Lease Renewals Show Businesses Remain Confident
Although new leasing activity slowed somewhat during the quarter, existing businesses showed strong confidence in the market.
Dubai recorded an 11.2 percent increase in office lease renewals compared to the previous year, indicating that companies remain committed to maintaining their presence and expanding within the emirate.
New office rental registrations, however, experienced a modest decline. Dubai saw a 7.7 percent decrease in new office leases, while Abu Dhabi recorded a 6 percent drop.
Industry experts believe this slowdown is temporary and largely reflects businesses taking a more cautious approach to expansion decisions amid evolving global market conditions.
Despite this, the fundamentals of the UAE office market remain solid, supported by economic diversification, foreign investment, and the country’s growing reputation as a regional business hub.
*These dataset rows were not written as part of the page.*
section \<open>Setwise convergence from convergence on sets\<close>

lemma integral_approx_level_sets:
  fixes f :: "'a \<Rightarrow> real" and K e :: real
  assumes "prob_space Q" and sets_Q: "sets Q = sets M" and [measurable]: "f \<in> borel_measurable M"
    and bound: "\<And>x. \<bar>f x\<bar> \<le> K" and "0 < e"
  shows "\<bar>integral\<^sup>L Q f
           - (\<Sum>k\<in>{\<lfloor>-K/e\<rfloor>..\<lfloor>K/e\<rfloor>}. e * k * measure Q {x\<in>space M. \<lfloor>f x / e\<rfloor> = k})\<bar> \<le> e"
proof -
  interpret prob_space Q by fact
  let ?I = "{\<lfloor>-K/e\<rfloor>..\<lfloor>K/e\<rfloor>}" and ?L = "\<lambda>k. {x\<in>space M. \<lfloor>f x / e\<rfloor> = k}"
  have space_Q: "space Q = space M" using sets_Q by (rule sets_eq_imp_space_eq)
  have [measurable]: "f \<in> borel_measurable Q" using sets_Q by simp
  have [measurable]: "?L k \<in> sets Q" for k unfolding sets_Q by measurable
  define s where "s x = e * \<lfloor>f x / e\<rfloor>" for x
  have s_close: "\<bar>f x - s x\<bar> \<le> e" for x
  proof -
    have "e * \<lfloor>f x / e\<rfloor> \<le> e * (f x / e)" "e * (f x / e) < e * (\<lfloor>f x / e\<rfloor> + 1)"
      using \<open>0 < e\<close> by (intro mult_left_mono mult_strict_left_mono; linarith)+
    then show ?thesis using \<open>0 < e\<close> by (simp add: s_def distrib_left)
  qed
  have s_sum: "s x = (\<Sum>k\<in>?I. e * k * indicator (?L k) x)" if "x \<in> space M" for x
  proof -
    have "-K \<le> f x" "f x \<le> K" using bound[of x] by linarith+
    then have "-K/e \<le> f x / e" "f x / e \<le> K/e"
      using \<open>0 < e\<close> by (intro divide_right_mono; simp)+
    then have "\<lfloor>f x / e\<rfloor> \<in> ?I" by (auto intro: floor_mono)
    then show ?thesis using that by (simp add: s_def indicator_def if_distrib sum.delta)
  qed
  have int_f: "integrable Q f"
    by (rule integrable_const_bound[where B=K]) (auto simp: bound)
  have int_s: "integrable Q s"
  proof (rule integrable_const_bound[where B="K + e"])
    have "norm (s x) \<le> K + e" for x
      using s_close[of x] bound[of x] by simp
    then show "AE x in Q. norm (s x) \<le> K + e" by simp
  qed (unfold s_def, measurable)
  have "integral\<^sup>L Q s = (\<Sum>k\<in>?I. e * k * measure Q (?L k))"
  proof -
    have "integral\<^sup>L Q s = integral\<^sup>L Q (\<lambda>x. \<Sum>k\<in>?I. e * k * indicator (?L k) x)"
      by (intro Bochner_Integration.integral_cong) (simp_all add: s_sum space_Q)
    also have "\<dots> = (\<Sum>k\<in>?I. integral\<^sup>L Q (\<lambda>x. e * k * indicator (?L k) x))"
      by (intro Bochner_Integration.integral_sum integrable_mult_right integrable_real_indicator)
        (auto simp: less_top[symmetric])
    also have "\<dots> = (\<Sum>k\<in>?I. e * k * measure Q (?L k))"
      by (intro sum.cong refl) (simp add: space_Q Int_absorb2)
    finally show ?thesis .
  qed
  moreover have "\<bar>integral\<^sup>L Q f - integral\<^sup>L Q s\<bar> \<le> e"
  proof -
    have "\<bar>integral\<^sup>L Q f - integral\<^sup>L Q s\<bar> = \<bar>integral\<^sup>L Q (\<lambda>x. f x - s x)\<bar>"
      using int_f int_s by simp
    also have "\<dots> \<le> integral\<^sup>L Q (\<lambda>x. \<bar>f x - s x\<bar>)" by (rule integral_abs_bound)
    also have "\<dots> \<le> integral\<^sup>L Q (\<lambda>x. e)"
      using s_close int_f int_s by (intro integral_mono) auto
    finally show ?thesis by (simp add: prob_space)
  qed
  ultimately show ?thesis by simp
qed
Retail Sector Remains Resilient
The UAE retail market also continued to perform well during the first quarter of 2026.
Dubai’s retail inventory expanded to around 56 million square feet, while vacancy rates tightened further to 4.8 percent due to sustained demand from retailers and consumer brands.
In Abu Dhabi, retail vacancies remained stable at 8.9 percent, reflecting balanced market conditions and consistent occupier demand.
Retail landlords have increasingly adopted flexible leasing strategies to maintain occupancy and support tenants. These include turnover-based rent models, occupancy cost agreements, and temporary rent relief arrangements that allow businesses to adapt more effectively to changing market conditions.
Dubai’s super-regional malls emerged as some of the strongest performers, recording annual rental growth of 12.4 percent. Meanwhile, Abu Dhabi’s leading retail destinations continued to command premium rents thanks to their strong footfall and established market positions.
Positive Outlook for the Rest of 2026
Property experts expect the UAE commercial real estate market to remain on a growth trajectory throughout the rest of the year.
Limited availability of premium office spaces, combined with continued economic expansion, rising foreign direct investment, and a thriving startup ecosystem, is expected to sustain demand for commercial properties.
At the same time, retail developers are increasingly focusing on experiential shopping concepts, wellness-oriented brands, and community-centric destinations as consumer preferences continue to evolve.
These trends are expected to create new opportunities across both office and retail sectors while reinforcing the UAE’s position as one of the region’s most dynamic commercial real estate markets.
Looking Ahead
The first quarter of 2026 has once again highlighted the strength and resilience of the UAE’s commercial property sector.
With office rents rising sharply, vacancy levels remaining tight, and retail destinations continuing to attract strong occupier demand, Dubai and Abu Dhabi are entering a new phase of growth driven by quality, innovation, and long-term economic confidence.
As businesses continue to expand and investors seek stable opportunities, the UAE commercial real estate market appears well-positioned to sustain its positive momentum in the months ahead.